Songs of the Army of the Night/Introduction
INTRODUCTION.
That Francis Adams' "Songs of the Army of the Night," a book which is a deliberate challenge and menace to all established opinions on the matters with which it deals, should be now entering on a third and enlarged edition, is an event not devoid of welcome and gladdening significance for those who, in the gloom of the present social turmoil, are looking for the dawn of a brighter and purer day. Originally published in Australia in 1888, the Songs (with a few slight omissions) were reproduced in England in 1890; and in spite of the tacit contempt or open hostility with which they were naturally received by the orthodox press, and a total lack of the indispensable literary log-rolling, they have won a gradual acceptance by sheer virtue of the faith and fire that are at the core of them. In the present issue the lines which were cancelled in 1890 have been mostly restored, while various alterations and additions have been introduced by the author himself, who carefully revised the book for this purpose a short time before his death.
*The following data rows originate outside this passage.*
(* Let $l:\mathbb{R}^n\times\mathbb{R}^m\times\mathbb{R}^d\to\mathbb{R}$ be $\ell_1$-smooth and $L_1$-Lipschitz continuous, let $\mathcal{Y}\subset\mathbb{R}^m$ be nonempty, closed, convex and bounded, and let $l(x,\cdot,z)$ be $\mu$-strongly concave on $\mathcal{Y}$ for every $(x,z)$. Fix an iteration $k$ with center $\widehat x^k\in\mathbb{R}^n$, radius $\delta_k\in(0,\delta_{\max}]$, an affine model with $\|\widehat B^{k,1}\|_F\le B$, and define $\mathcal{L}^k$, $\Phi^k$, $y^{k,*}$, $\widehat L_1=L_1(1+B)$, $\widehat\ell_1=\ell_1(1+B)^2$ as in the context. Let $y^{i,*}:\mathcal{B}(\widehat x^k,\delta_k)\to\mathcal{Y}$ be any map and put $g_k=\nabla_x\mathcal{L}^k(\widehat x^k,y^{i,*}(\widehat x^k))$. Assume $g_k\neq0$, $\nabla\Phi^k(\widehat x^k)\neq 0$, and that for some $\tilde\kappa_{dcp}>0$, $$\Phi^k(\widehat x^k)-\Phi^k(\widehat x^k+\tilde s^k)\ge\tilde\kappa_{dcp}\|\nabla\Phi^k(\widehat x^k)\|\min\{\delta_k,1\},\qquad \tilde s^k=-\delta_k\frac{\nabla\Phi^k(\widehat x^k)}{\|\nabla\Phi^k(\widehat x^k)\|}.$$ Suppose further that $\|y^{i,*}(x)-y^{k,*}(x)\|\le\epsilon$ for all $x\in\mathcal{B}(\widehat x^k,\delta_k)$, where $$\epsilon\le\min\Big\{\frac{\|g_k\|}{2\widehat\ell_1},\ \frac{\|\nabla\Phi^k(\widehat x^k)\|\,\|g_k\|\,\tilde\kappa_{dcp}}{8\widehat L_1\widehat\ell_1\max\{\delta_{\max},1\}},\ \frac{\|g_k\|\min\{\delta_k,1\}\tilde\kappa_{dcp}}{16\widehat L_1}\Big\}.$$ Then, with $s^k=-\delta_k g_k/\|g_k\|$ and $\kappa_{dcp}=\tilde\kappa_{dcp}/8$, $$\mathcal{L}^k(\widehat x^k,y^{i,*}(\widehat x^k))-\mathcal{L}^k(\widehat x^k+s^k,y^{i,*}(\widehat x^k+s^k))\ge\kappa_{dcp}\|g_k\|\min\{\delta_k,1\}.$$
   Context: Notation: $\mathcal{B}(x,\delta)=\{z:\|z-x\|\le\delta\}$. Given data points $x^1,\dots,x^{N_k}$ and observations $\omega^1,\dots,\omega^{N_k}\in\mathbb{R}^d$, affine coefficients $\widehat B^{k,1}\in\mathbb{R}^{n\times d}$, $\widehat B^{k,0}\in\mathbb{R}^{1\times d}$ (the least-squares fit of $\omega^i$ on $x^i$) and residuals $e^{k,i}=\omega^i-(\widehat B^{k,1})^\top x^i-(\widehat B^{k,0})^\top$, the local model is $m_k(x,e)=(\widehat B^{k,1})^\top x+(\widehat B^{k,0})^\top+e$, and $\mathcal{L}^k(x,y)=\frac1{N_k}\sum_{i=1}^{N_k}l(x,y,m_k(x,e^{k,i}))$, $\Phi^k(x)=\max_{y\in\mathcal{Y}}\mathcal{L}^k(x,y)$, $y^{k,*}(x)=\arg\max_{y\in\mathcal{Y}}\mathcal{L}^k(x,y)$ (unique by strong concavity). $\ell$-smooth means differentiable with $\ell$-Lipschitz gradient. *)

theory Defs
  imports "HOL-Analysis.Analysis"
begin

definition grad :: "('a::euclidean_space \<Rightarrow> real) \<Rightarrow> 'a \<Rightarrow> 'a" where
  "grad f x = (THE D. GDERIV f x :> D)"

definition smooth_with :: "real \<Rightarrow> ('a::euclidean_space \<Rightarrow> real) \<Rightarrow> bool" where
  "smooth_with ell f \<longleftrightarrow>
     (\<forall>x. f differentiable (at x)) \<and> (\<forall>x y. norm (grad f x - grad f y) \<le> ell * dist x y)"

definition strongly_concave_on :: "real \<Rightarrow> 'a::real_normed_vector set \<Rightarrow> ('a \<Rightarrow> real) \<Rightarrow> bool" where
  "strongly_concave_on mu Y f \<longleftrightarrow>
     (\<forall>y1\<in>Y. \<forall>y2\<in>Y. \<forall>t::real. 0 \<le> t \<and> t \<le> 1 \<longrightarrow>
        f (t *\<^sub>R y1 + (1 - t) *\<^sub>R y2) \<ge> t * f y1 + (1 - t) * f y2 + mu / 2 * t * (1 - t) * (norm (y1 - y2))\<^sup>2)"

definition frob_norm :: "real^'d^'n \<Rightarrow> real" where
  "frob_norm A = sqrt (\<Sum>i\<in>UNIV. \<Sum>j\<in>UNIV. (A $ i $ j)\<^sup>2)"

definition ls_obj :: "nat \<Rightarrow> (nat \<Rightarrow> real^'n) \<Rightarrow> (nat \<Rightarrow> real^'d) \<Rightarrow> real^'d^'n \<Rightarrow> real^'d \<Rightarrow> real" where
  "ls_obj N xs om B1 B0 = (\<Sum>i<N. (norm (om i - transpose B1 *v xs i - B0))\<^sup>2)"

text \<open>Residuals e^{k,i}; B0 (a 1 x d row) is represented by the vector (B0)^T in R^d.\<close>
definition resid :: "(nat \<Rightarrow> real^'n) \<Rightarrow> (nat \<Rightarrow> real^'d) \<Rightarrow> real^'d^'n \<Rightarrow> real^'d \<Rightarrow> nat \<Rightarrow> real^'d" where
  "resid xs om B1 B0 i = om i - transpose B1 *v xs i - B0"

definition mk :: "real^'d^'n \<Rightarrow> real^'d \<Rightarrow> real^'n \<Rightarrow> real^'d \<Rightarrow> real^'d" where
  "mk B1 B0 x e = transpose B1 *v x + B0 + e"

definition Lk :: "((real^'n) \<times> (real^'m) \<times> (real^'d) \<Rightarrow> real) \<Rightarrow> nat \<Rightarrow> (nat \<Rightarrow> real^'n) \<Rightarrow> (nat \<Rightarrow> real^'d)
    \<Rightarrow> real^'d^'n \<Rightarrow> real^'d \<Rightarrow> real^'n \<Rightarrow> real^'m \<Rightarrow> real" where
  "Lk l N xs om B1 B0 x y = (1 / real N) * (\<Sum>i<N. l (x, y, mk B1 B0 x (resid xs om B1 B0 i)))"

definition Phik :: "((real^'n) \<times> (real^'m) \<times> (real^'d) \<Rightarrow> real) \<Rightarrow> nat \<Rightarrow> (nat \<Rightarrow> real^'n) \<Rightarrow> (nat \<Rightarrow> real^'d)
    \<Rightarrow> real^'d^'n \<Rightarrow> real^'d \<Rightarrow> (real^'m) set \<Rightarrow> real^'n \<Rightarrow> real" where
  "Phik l N xs om B1 B0 Y x = (SUP y\<in>Y. Lk l N xs om B1 B0 x y)"

definition ystar :: "((real^'n) \<times> (real^'m) \<times> (real^'d) \<Rightarrow> real) \<Rightarrow> nat \<Rightarrow> (nat \<Rightarrow> real^'n) \<Rightarrow> (nat \<Rightarrow> real^'d)
    \<Rightarrow> real^'d^'n \<Rightarrow> real^'d \<Rightarrow> (real^'m) set \<Rightarrow> real^'n \<Rightarrow> real^'m" where
  "ystar l N xs om B1 B0 Y x =
     (THE y. y \<in> Y \<and> (\<forall>y'\<in>Y. Lk l N xs om B1 B0 x y' \<le> Lk l N xs om B1 B0 x y))"

end

theory Submission
  imports Defs
begin

(*
  Strong concavity makes the inner maximiser y*(x) unique, and comparing the optimality of
  y*(x) and y*(x + h) shows that it moves by O(sqrt |h|); with the Lipschitz dependence of the
  x-gradient on y this gives Danskin's formula grad Phi(x) = grad_x L(x, y*(x)). An
  eps-accurate maximiser therefore perturbs the gradient by at most ellhat * eps, so the
  normalized steps along g_k and along grad Phi differ by O(delta * ellhat * eps / |g_k|).
  As Phi is Lhat-Lipschitz and L(x, y) <= Phi(x) on Y, the assumed decrease of Phi along
  grad Phi transfers to a decrease of L along g_k, losing a factor 8.
*)

lemma grad_eqI:
  fixes f :: "'a::euclidean_space \<Rightarrow> real"
  assumes "GDERIV f x :> D"
  shows "grad f x = D"
  unfolding grad_def
proof (rule the_equality)
  show "GDERIV f x :> D" by (fact assms)
next
  fix D' assume "GDERIV f x :> D'"
  then have "(\<lambda>h. inner h D') = (\<lambda>h. inner h D)"
    using assms has_derivative_unique unfolding gderiv_def by blast
  then have "inner (D' - D) D' = inner (D' - D) D" by metis
  then have "inner (D' - D) (D' - D) = 0" by (simp add: inner_diff_right)
  then show "D' = D" by simp
qed

lemma has_gradient_grad:
  fixes f :: "'a::euclidean_space \<Rightarrow> real"
  assumes "f differentiable (at x)"
  shows "GDERIV f x :> grad f x"
proof -
  obtain f' where f': "(f has_derivative f') (at x)"
    using assms differentiable_def by blast
  have "f' = (\<lambda>h. inner h (adjoint f' 1))"
    using adjoint_works[OF has_derivative_linear[OF f'], of _ 1] by (simp add: fun_eq_iff)
  then have "GDERIV f x :> adjoint f' 1"
    using f' unfolding gderiv_def by simp
  then show ?thesis by (simp add: grad_eqI)
qed

lemma gderivI_remainder:
  fixes f :: "'a::euclidean_space \<Rightarrow> real"
  assumes bound: "\<And>h. \<bar>f (x + h) - f x - inner h G\<bar> \<le> norm h * r h"
    and r: "(r \<longlongrightarrow> 0) (at 0)"
  shows "GDERIV f x :> G"
  unfolding gderiv_def has_derivative_at
proof (intro conjI)
  show "bounded_linear (\<lambda>h. inner h G)" by (rule bounded_linear_inner_left)
  show "((\<lambda>h. norm (f (x + h) - f x - inner h G) / norm h) \<longlongrightarrow> 0) (at 0)"
  proof (rule Lim_null_comparison)
    show "\<forall>\<^sub>F h in at 0. norm (norm (f (x + h) - f x - inner h G) / norm h) \<le> \<bar>r h\<bar>"
    proof (rule always_eventually, rule allI)
      fix h :: 'a
      show "norm (norm (f (x + h) - f x - inner h G) / norm h) \<le> \<bar>r h\<bar>"
      proof (cases "h = 0")
        case False
        have "\<bar>f (x + h) - f x - inner h G\<bar> \<le> norm h * \<bar>r h\<bar>"
          using bound[of h] mult_left_mono[OF abs_ge_self[of "r h"] norm_ge_zero[of h]] by linarith
        then show ?thesis using False by (simp add: divide_le_eq mult.commute)
      qed simp
    qed
    show "((\<lambda>h. \<bar>r h\<bar>) \<longlongrightarrow> 0) (at 0)" using tendsto_rabs_zero[OF r] .
  qed
qed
The general intention and object of the "Songs of the Army of the Night" are sufficiently indicated in the author's Preface and Proem. The title itself is a suggestive one—a reminiscence perhaps of that "City of Dreadful Night" which another great democratic poet has depicted; but with the striking difference that the despondent fortitude of the pessimist is here quickened and energised into the fierce resolution of the reformer. The Songs, taken individually, will best speak for themselves; it is not necessary or desirable, in this brief Introduction, to attempt an estimate of their comparative merits or shortcomings. But it is highly important, for a full and just appreciation of these most characteristic and impassioned products of Adams' genius, that something should be said of the very singular personality which everywhere underlies the poems, and is intimately connected with their mingled strength and weakness. In these lyrics, if anywhere, the writer spoke his soul; they are an absolutely faithful and unreserved expression of a certain portion of his feelings.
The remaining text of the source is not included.